(formerly xslt for docx)
Joel Kalvesmaki, 2019 (licensing information | changes)
XSLT to handle docx (Microsoft Word), xlsx (Microsoft Excel), zip, epub, odt, ods, jar, rar, and all sorts of compressed archive formats.
- Saxon PE and EE: any kind of archive can be retrieved or saved.
- Saxon HE: only docx and xlsx formats can be opened and saved, and without any binary components (images, videos, etc.).
The only stylesheet you need is open-and-save-archive.xsl. The others, open-and-save-xlsx.xsl and open-and-save-docx.xsl, are mere aliases.
No Ant. No XProc. Open and Save Archive is simple, pure XSLT (3.0), tapping the power of EXPath.
Practical applications are featured in the example subdirectories, described here:
- Unpacking and saving archives: basic demonstration of how to fetch the component parts of an archive, then to repackage and save them. This demonstration shows the variety of archive types that can be handled. The remaining examples (##2-5 below) deal only with docx and xlsx files.
- Plain text: shows how to scrape multiple docx or xlsx files for their plain text content and concatenate it in a single file.
- Replacing text via regular expressions: shows how to search and replace within a Word or Excel file using regular expressions. This example is important because regular expressions are non-existent in Excel, and deficient in Word. Finding and replacing text in the XML components of a docx file is tricky, and I use and explain in this example what I call the Splintered Seas Technique (with apologies to anyone who might have invented, used, and named a similar technique before me).
- Make form letters: shows how to turn a template Word document and an XML database into form letters. This example is important because Word cannot easily handle data that does not fit the spreadsheet model, and does not have good tools for coordinating and manipulating data. In this example, you use XSLT to define variables of your choice, then you type those variable names wherever you like within the docx template, e.g., $family-name. You can iterate over multiple values, and apply XSLT functions to change the data and its formatting as you like--things that are difficult or impossible to do in Word.
- Anonymize documents: shows how to quickly scrub from the metadata of a document the names of those who are credited with changes, comments, or tracked changes. This is useful when returning to an author a manuscript that has been through blind peer review, and you wish to preserve the anonymity of the writers. To my knowledge this functionality is missing from Word.
Under the hood, Word and Excel files can get quite complex. The XSLT files in the examples have been written specifically for the accompanying sample input.

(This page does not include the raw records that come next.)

(* Let $1\le p<\infty$. Let $f:\mathbb R\to\mathbb R$ be Henstock–Kurzweil integrable on every compact interval and suppose (a) the Henstock–Kurzweil integral $\int_{-\infty}^\infty f(t)\,dt$ exists and equals $0$, and (b) the Henstock–Kurzweil integral $\int_{-\infty}^\infty |t|^\alpha f(t)\,dt$ exists for some $\alpha>1/p$. Then $F(x)=\int_{-\infty}^x f(t)\,dt$ belongs to $L^p(\mathbb R)$, and hence $f=F'\in L'^{\,p}$.
   Context: $L'^{\,p}=\{f\in\mathcal S' : f=F' \text{ (distributional derivative) for some } F\in L^p(\mathbb R)\}$. *)

theory Defs
  imports "HOL-Analysis.Analysis"
begin

definition in_Lp :: "real \<Rightarrow> (real \<Rightarrow> real) \<Rightarrow> bool" where
  "in_Lp p F \<longleftrightarrow> F \<in> borel_measurable lebesgue \<and> integrable lebesgue (\<lambda>x. \<bar>F x\<bar> powr p)"

definition test_function :: "(real \<Rightarrow> real) \<Rightarrow> bool" where
  "test_function \<phi> \<longleftrightarrow> (\<forall>n. ((deriv ^^ n) \<phi>) differentiable_on UNIV)
      \<and> compact (closure {x. \<phi> x \<noteq> 0})"

definition distr_deriv :: "(real \<Rightarrow> real) \<Rightarrow> (real \<Rightarrow> real) \<Rightarrow> bool" where
  "distr_deriv F f \<longleftrightarrow> (\<forall>\<phi>. test_function \<phi> \<longrightarrow>
      (\<lambda>x. f x * \<phi> x) integrable_on UNIV \<and>
      (\<lambda>x. F x * deriv \<phi> x) integrable_on UNIV \<and>
      integral UNIV (\<lambda>x. F x * deriv \<phi> x) = - integral UNIV (\<lambda>x. f x * \<phi> x))"

end

theory Submission
  imports Defs
begin

(* 1. Improper integrals on the line: an integrable h is integrable on every half-line, its
      primitive is continuous, tends to 0 at -\<infinity> and to \<integral> h at +\<infinity>, and is therefore bounded;
      so the integrals of h over all intervals are bounded.
   2. Bonnet's second mean value theorem bounds \<integral>_u^v \<psi> h by the oscillation of the primitive
      of h, for monotone and, by splitting, for Lipschitz weights \<psi>.
   3. Integration by parts \<integral>_a^b f \<phi> = [F \<phi>]_a^b - \<integral>_a^b F \<phi>' for C^1 functions \<phi>, proved by
      showing with step 2 that the difference of both sides has derivative 0 in the upper limit.
   4. Decay: for x \<ge> 1, F(x) = -\<integral>_x^\<infinity> |t|^(-\<alpha>) g(t) dt with a decreasing weight, so step 2 and
      the boundedness of the integrals of g give |F(x)| = O(|x|^(-\<alpha>)); similarly for x \<le> -1.
      As F is also bounded and \<alpha> p > 1, |F|^p has an integrable majorant, i.e. F \<in> L^p.
   5. Applied to a test function, step 3 shows that f is the distributional derivative of F. *)

lemma hk_interval_approx:
  fixes h :: "real \<Rightarrow> real"
  assumes "(h has_integral L) UNIV" and "e > 0"
  obtains B where "B > 0" and "\<And>a b. a \<le> -B \<Longrightarrow> B \<le> b \<Longrightarrow> \<bar>integral {a..b} h - L\<bar> < e"
proof -
  from assms(1)[unfolded has_integral_alt'] assms(2)
  obtain B where "B > 0" and B: "\<And>a b. ball 0 B \<subseteq> cbox a b \<Longrightarrow>
      norm (integral (cbox a b) (\<lambda>x. if x \<in> UNIV then h x else 0) - L) < e"
    by blast
  moreover have "ball 0 B \<subseteq> cbox a b" if "a \<le> -B" "B \<le> b" for a b :: real
    using that by (auto simp: dist_real_def)
  ultimately show thesis using that by auto
qed

lemma ball_subset_interval:
  fixes a b B :: real
  assumes "ball 0 B \<subseteq> {a..b}" and "B > 0"
  shows "a \<le> -B" and "B \<le> b"
proof -
  have "cball 0 B \<subseteq> {a..b}"
    using closure_minimal[OF assms(1)] closure_ball[of 0 B] assms(2) by simp
  then show "a \<le> -B" "B \<le> b" using assms(2) by (auto simp: subset_eq)
qed

(* A function integrable over the line is integrable over every half-line (-\<infinity>,x]: the truncated
   integrals satisfy the Cauchy criterion. *)
lemma hk_halfline_integrable:
  fixes h :: "real \<Rightarrow> real"
  assumes h: "(h has_integral L) UNIV"
  shows "h integrable_on {..x}"
  unfolding integrable_alt[of h]
proof (intro conjI allI impI)
  fix a b :: real
  have "h integrable_on {a..min x b}" using h integrable_on_subinterval by blast
  moreover have "cbox a b \<inter> {..x} = {a..min x b}" by auto
  ultimately show "(\<lambda>t. if t \<in> {..x} then h t else 0) integrable_on cbox a b"
    unfolding integrable_restrict_Int by simp
next
  fix e :: real assume "e > 0"
  then obtain B where "B > 0"
    and B: "\<And>a b. a \<le> -B \<Longrightarrow> B \<le> b \<Longrightarrow> \<bar>integral {a..b} h - L\<bar> < e/2"
    using hk_interval_approx[OF h half_gt_zero] by blast
  define R where "R = max B (\<bar>x\<bar> + 1)"
  have "R > 0" "B \<le> R" using \<open>B > 0\<close> by (auto simp: R_def)
  let ?g = "\<lambda>t. if t \<in> {..x} then h t else 0"
  \<comment> \<open>Once the box contains \<open>[-R,R]\<close>, the truncated integral differs from an integral over
      \<open>[a,R]\<close>, which is close to \<open>L\<close>, by the fixed amount \<open>\<integral>_x^R h\<close>.\<close>
  have cut: "a \<le> -R \<and> integral (cbox a b) ?g = integral {a..R} h - integral {x..R} h"
    if "ball 0 R \<subseteq> cbox a b" for a b :: real
  proof -
    have "a \<le> -R" and "R \<le> b" using ball_subset_interval[of R a b] that \<open>R > 0\<close> by auto
    then have ax: "a \<le> x" "x \<le> R" "x \<le> b" by (auto simp: R_def)
    have "integral (cbox a b) ?g = integral {a..x} h"
      unfolding integral_restrict_Int using ax by (simp add: min_absorb1)
    also have "\<dots> = integral {a..R} h - integral {x..R} h"
      using Henstock_Kurzweil_Integration.integral_combine[OF ax(1,2)] h integrable_on_subinterval
      by fastforce
    finally show ?thesis using \<open>a \<le> -R\<close> by simp
  qed
  show "\<exists>R>0. \<forall>a b c d. ball 0 R \<subseteq> cbox a b \<and> ball 0 R \<subseteq> cbox c d \<longrightarrow>
      norm (integral (cbox a b) ?g - integral (cbox c d) ?g) < e"
  proof (intro exI[of _ R] conjI allI impI)
    fix a b c d :: real
    assume "ball 0 R \<subseteq> cbox a b \<and> ball 0 R \<subseteq> cbox c d"
    then have "a \<le> -R" "c \<le> -R"
      and "integral (cbox a b) ?g = integral {a..R} h - integral {x..R} h"
      and "integral (cbox c d) ?g = integral {c..R} h - integral {x..R} h"
      using cut by auto
    moreover have "\<bar>integral {a..R} h - L\<bar> < e/2" "\<bar>integral {c..R} h - L\<bar> < e/2"
      using B \<open>a \<le> -R\<close> \<open>c \<le> -R\<close> \<open>B \<le> R\<close> by auto
    ultimately show "norm (integral (cbox a b) ?g - integral (cbox c d) ?g) < e"
      unfolding real_norm_def by linarith
  qed (rule \<open>R > 0\<close>)
qed

lemma hk_halfline_split:
  fixes h :: "real \<Rightarrow> real"
  assumes h: "(h has_integral L) UNIV" and "x \<le> y"
  shows "integral {..y} h = integral {..x} h + integral {x..y} h"
proof -
  have "(h has_integral integral {..x} h + integral {x..y} h) ({..x} \<union> {x..y})"
  proof (rule has_integral_Un)
    show "(h has_integral integral {..x} h) {..x}"
      using hk_halfline_integrable[OF h] by (rule integrable_integral)
    show "(h has_integral integral {x..y} h) {x..y}"
      using h integrable_on_subinterval by (blast intro: integrable_integral)
    show "negligible ({..x} \<inter> {x..y})"
      using \<open>x \<le> y\<close> by (simp add: Int_commute)
  qed
  moreover have "{..x} \<union> {x..y} = {..y}" using \<open>x \<le> y\<close> by auto
  ultimately show ?thesis by (simp add: integral_unique)
qed

lemma hk_halfline_limit:
  fixes h :: "real \<Rightarrow> real"
  assumes h: "(h has_integral L) UNIV"
  shows "((\<lambda>a. integral {a..y} h) \<longlongrightarrow> integral {..y} h) at_bot"
proof (rule tendstoI)
  fix e :: real assume "e > 0"
  have "(h has_integral integral {..y} h) {..y}"
    using hk_halfline_integrable[OF h] by (rule integrable_integral)
  from this[unfolded has_integral_alt'] \<open>e > 0\<close>
  obtain B where B: "B > 0" "\<And>a b. ball 0 B \<subseteq> cbox a b \<Longrightarrow>
      norm (integral (cbox a b) (\<lambda>x. if x \<in> {..y} then h x else 0) - integral {..y} h) < e"
    by blast
  have "dist (integral {a..y} h) (integral {..y} h) < e" if a: "a \<le> min (-B) y" for a
  proof -
    have "ball 0 B \<subseteq> cbox a (max B y)" using a by (auto simp: dist_real_def)
    moreover have "cbox a (max B y) \<inter> {..y} = {a..y}" using a by auto
    ultimately show ?thesis
      using B(2)[of a "max B y"] unfolding integral_restrict_Int dist_norm by simp
  qed
  then show "\<forall>\<^sub>F a in at_bot. dist (integral {a..y} h) (integral {..y} h) < e"
    unfolding eventually_at_bot_linorder by blast
qed

lemma hk_primitive_at_top:
  fixes h :: "real \<Rightarrow> real"
  assumes h: "(h has_integral L) UNIV"
  shows "((\<lambda>y. integral {..y} h) \<longlongrightarrow> L) at_top"
proof (rule tendstoI)
  fix e :: real assume "e > 0"
  then obtain B where B: "\<And>a b. a \<le> -B \<Longrightarrow> B \<le> b \<Longrightarrow> \<bar>integral {a..b} h - L\<bar> < e/2"
    using hk_interval_approx[OF h half_gt_zero] by blast
  have "\<bar>integral {..y} h - L\<bar> \<le> e/2" if "B \<le> y" for y
  proof (rule tendsto_upperbound)
    show "((\<lambda>a. \<bar>integral {a..y} h - L\<bar>) \<longlongrightarrow> \<bar>integral {..y} h - L\<bar>) at_bot"
      by (intro tendsto_intros hk_halfline_limit[OF h])
    show "\<forall>\<^sub>F a in at_bot. \<bar>integral {a..y} h - L\<bar> \<le> e/2"
      unfolding eventually_at_bot_linorder using B that less_imp_le by blast
  qed simp
  with \<open>e > 0\<close> show "\<forall>\<^sub>F y in at_top. dist (integral {..y} h) L < e"
    unfolding eventually_at_top_linorder dist_real_def by force
qed

lemma hk_primitive_at_bot:
  fixes h :: "real \<Rightarrow> real"
  assumes h: "(h has_integral L) UNIV"
  shows "((\<lambda>y. integral {..y} h) \<longlongrightarrow> 0) at_bot"
proof (rule tendstoI)
  fix e :: real assume "e > 0"
  then obtain B where "B > 0"
    and B: "\<And>a b. a \<le> -B \<Longrightarrow> B \<le> b \<Longrightarrow> \<bar>integral {a..b} h - L\<bar> < e/4"
    using hk_interval_approx[OF h, of "e/4"] by auto
  \<comment> \<open>For \<open>a \<le> y \<le> -B\<close> the integral over \<open>[a,y]\<close> is the difference of two integrals over
      windows containing \<open>[-B,B]\<close>, both close to \<open>L\<close>.\<close>
  have "\<bar>integral {..y} h\<bar> \<le> e/2" if y: "y \<le> -B" for y
  proof (rule tendsto_upperbound)
    show "((\<lambda>a. \<bar>integral {a..y} h\<bar>) \<longlongrightarrow> \<bar>integral {..y} h\<bar>) at_bot"
      by (intro tendsto_intros hk_halfline_limit[OF h])
    have "\<bar>integral {a..y} h\<bar> \<le> e/2" if a: "a \<le> y" for a
    proof -
      have "integral {a..y} h + integral {y..B} h = integral {a..B} h"
        using Henstock_Kurzweil_Integration.integral_combine[of a y B h] a y \<open>B > 0\<close>
          h integrable_on_subinterval by fastforce
      moreover have "\<bar>integral {a..B} h - L\<bar> < e/4" "\<bar>integral {y..B} h - L\<bar> < e/4"
        using B[of a B] B[of y B] a y by auto
      ultimately show ?thesis by linarith
    qed
    then show "\<forall>\<^sub>F a in at_bot. \<bar>integral {a..y} h\<bar> \<le> e/2"
      unfolding eventually_at_bot_linorder by blast
  qed simp
  with \<open>e > 0\<close> show "\<forall>\<^sub>F y in at_bot. dist (integral {..y} h) 0 < e"
    unfolding eventually_at_bot_linorder dist_real_def by force
qed

(* H is continuous, since H(y) = H(x-1) + \<integral>_{x-1}^y h near x. *)
lemma hk_primitive_continuous:
  fixes h :: "real \<Rightarrow> real"
  assumes h: "(h has_integral L) UNIV"
  shows "continuous_on UNIV (\<lambda>y. integral {..y} h)"
proof (rule continuous_at_imp_continuous_on, intro ballI)
  fix x :: real
  have "continuous_on {x-1..x+1} (\<lambda>y. integral {..x-1} h + integral {x-1..y} h)"
    using h integrable_on_subinterval
    by (intro continuous_intros indefinite_integral_continuous_1) blast
  then have "continuous_on {x-1..x+1} (\<lambda>y. integral {..y} h)"
    by (rule continuous_on_eq) (auto simp: hk_halfline_split[OF h])
  then show "isCont (\<lambda>y. integral {..y} h) x"
    by (rule continuous_on_interior) auto
qed

lemma bounded_if_limits_at_infinity:
  fixes g :: "real \<Rightarrow> real"
  assumes "continuous_on UNIV g" "(g \<longlongrightarrow> l) at_top" "(g \<longlongrightarrow> m) at_bot"
  obtains M where "\<And>y. \<bar>g y\<bar> \<le> M"
proof -
  obtain N1 where N1: "\<And>y. y \<ge> N1 \<Longrightarrow> \<bar>g y - l\<bar> < 1"
    using tendstoD[OF assms(2), of 1] unfolding eventually_at_top_linorder dist_real_def by auto
  obtain N2 where N2: "\<And>y. y \<le> N2 \<Longrightarrow> \<bar>g y - m\<bar> < 1"
    using tendstoD[OF assms(3), of 1] unfolding eventually_at_bot_linorder dist_real_def by auto
  have "bounded (g ` {N2..N1})"
    using assms(1) by (intro compact_imp_bounded compact_continuous_image)
      (auto intro: continuous_on_subset)
  then obtain M0 where "\<forall>z \<in> g ` {N2..N1}. norm z \<le> M0"
    unfolding bounded_iff by blast
  then have M0: "\<And>y. y \<in> {N2..N1} \<Longrightarrow> \<bar>g y\<bar> \<le> M0" by auto
  have "\<bar>g y\<bar> \<le> max M0 (max (\<bar>l\<bar> + 1) (\<bar>m\<bar> + 1))" for y
    using N1[of y] N2[of y] M0[of y] by (cases "y \<le> N2"; cases "N1 \<le> y") auto
  then show thesis by (rule that)
qed

lemma hk_interval_integrals_bounded:
  fixes h :: "real \<Rightarrow> real"
  assumes h: "(h has_integral L) UNIV"
  obtains M where "\<And>u v. \<bar>integral {u..v} h\<bar> \<le> M"
proof -
  obtain M where M: "\<And>y. \<bar>integral {..y} h\<bar> \<le> M"
    using bounded_if_limits_at_infinity[OF hk_primitive_continuous hk_primitive_at_top
        hk_primitive_at_bot, OF h h h] by blast
  have "\<bar>integral {u..v} h\<bar> \<le> 2 * M" for u v
  proof (cases "u \<le> v")
    case True
    then show ?thesis using hk_halfline_split[OF h True] M[of u] M[of v] by auto
  next
    case False
    then show ?thesis using M[of u] by auto
  qed
  then show thesis by (rule that)
qed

You may need to develop the code to handle the input you are working with.
(See the main stylesheet for further notes.)
Functions are in the Text Alignment Network (TAN) namespace, tag:textalign.net,2015:ns
.
Saxon HE does not support extended functions, such as reading and writing binary files, or getting the contents of an archive. To retrieve all the components of an archive with Saxon HE, one must know how how it is structured. I have written routines that will get everything from docx and xslx architecture, but other file types could be handled. You are welcome to extend the stylesheets to handle the archive types you like.
Opening an archive (tan:open-archive()
) returns its components as a sequence of XML documents. If a component is binary, it will be returned as a text node of the root element in base 64 binary. Each root element has temporary attributes @xml:base
pointing to the resolved uri of the archive and @_archive-path
pointing to the relative place of the component.
With Saxon PE and EE, you can open the archive as a map, instead of a sequence of documents, if you like. See examples featuring tan:extract-map($example-archives[1], $example-archive-entries-maps[1])
.
Saving an archive (tan:save-archive()
) requires as input the archive components as a sequence of XML documents, each with an @_archive-path
in the root element to indicate where in the archive the component should be placed. Currently the saved output is a single archive, with the components of originally nested archives themselves not archived. Reconstructing nested archives may be supported in a future release.
tan:extract-map()
is my attempt to instantiate, enhance, and develop the EXPath function arch:extract-map()
. See the stylesheet for more comments.
Do you find working with maps in XSLT bothersome? You may find the companion function tan:map-to-xml()
, which lets you convert a map to an XML tree, to be extremely useful.
You can safely either include or import the key stylesheet. It does not declare or define an initial template or default template behavior, so it shouldn't interfere with any stylesheet that includes or imports it. But you will need to make sure that the including/importing stylesheet does not itself interfere with Open and Save Archive:
If you include it (the equivalent of copying the code directly in the including XSLT), watch out for how the default template behavior is defined in the including module, because there may be template-rule conflicts. Watch out for values, default or explicitly declared, of @priority
, and the behavior of @mode='#all'
.
If you import it (a softer form of inclusion, where rules and parameters specified in the imported file can easily be ignored or overwritten), be certain to add something like the following:
<xsl:template match="document-node() | node() | @*" priority="2"
mode="clean-up-archive map-to-xml">
<xsl:apply-imports/>
</xsl:template>
In the above code, you might be able to dispense with @priority
, or you might need to change its value. It depends upon what's happening in your master XSLT file.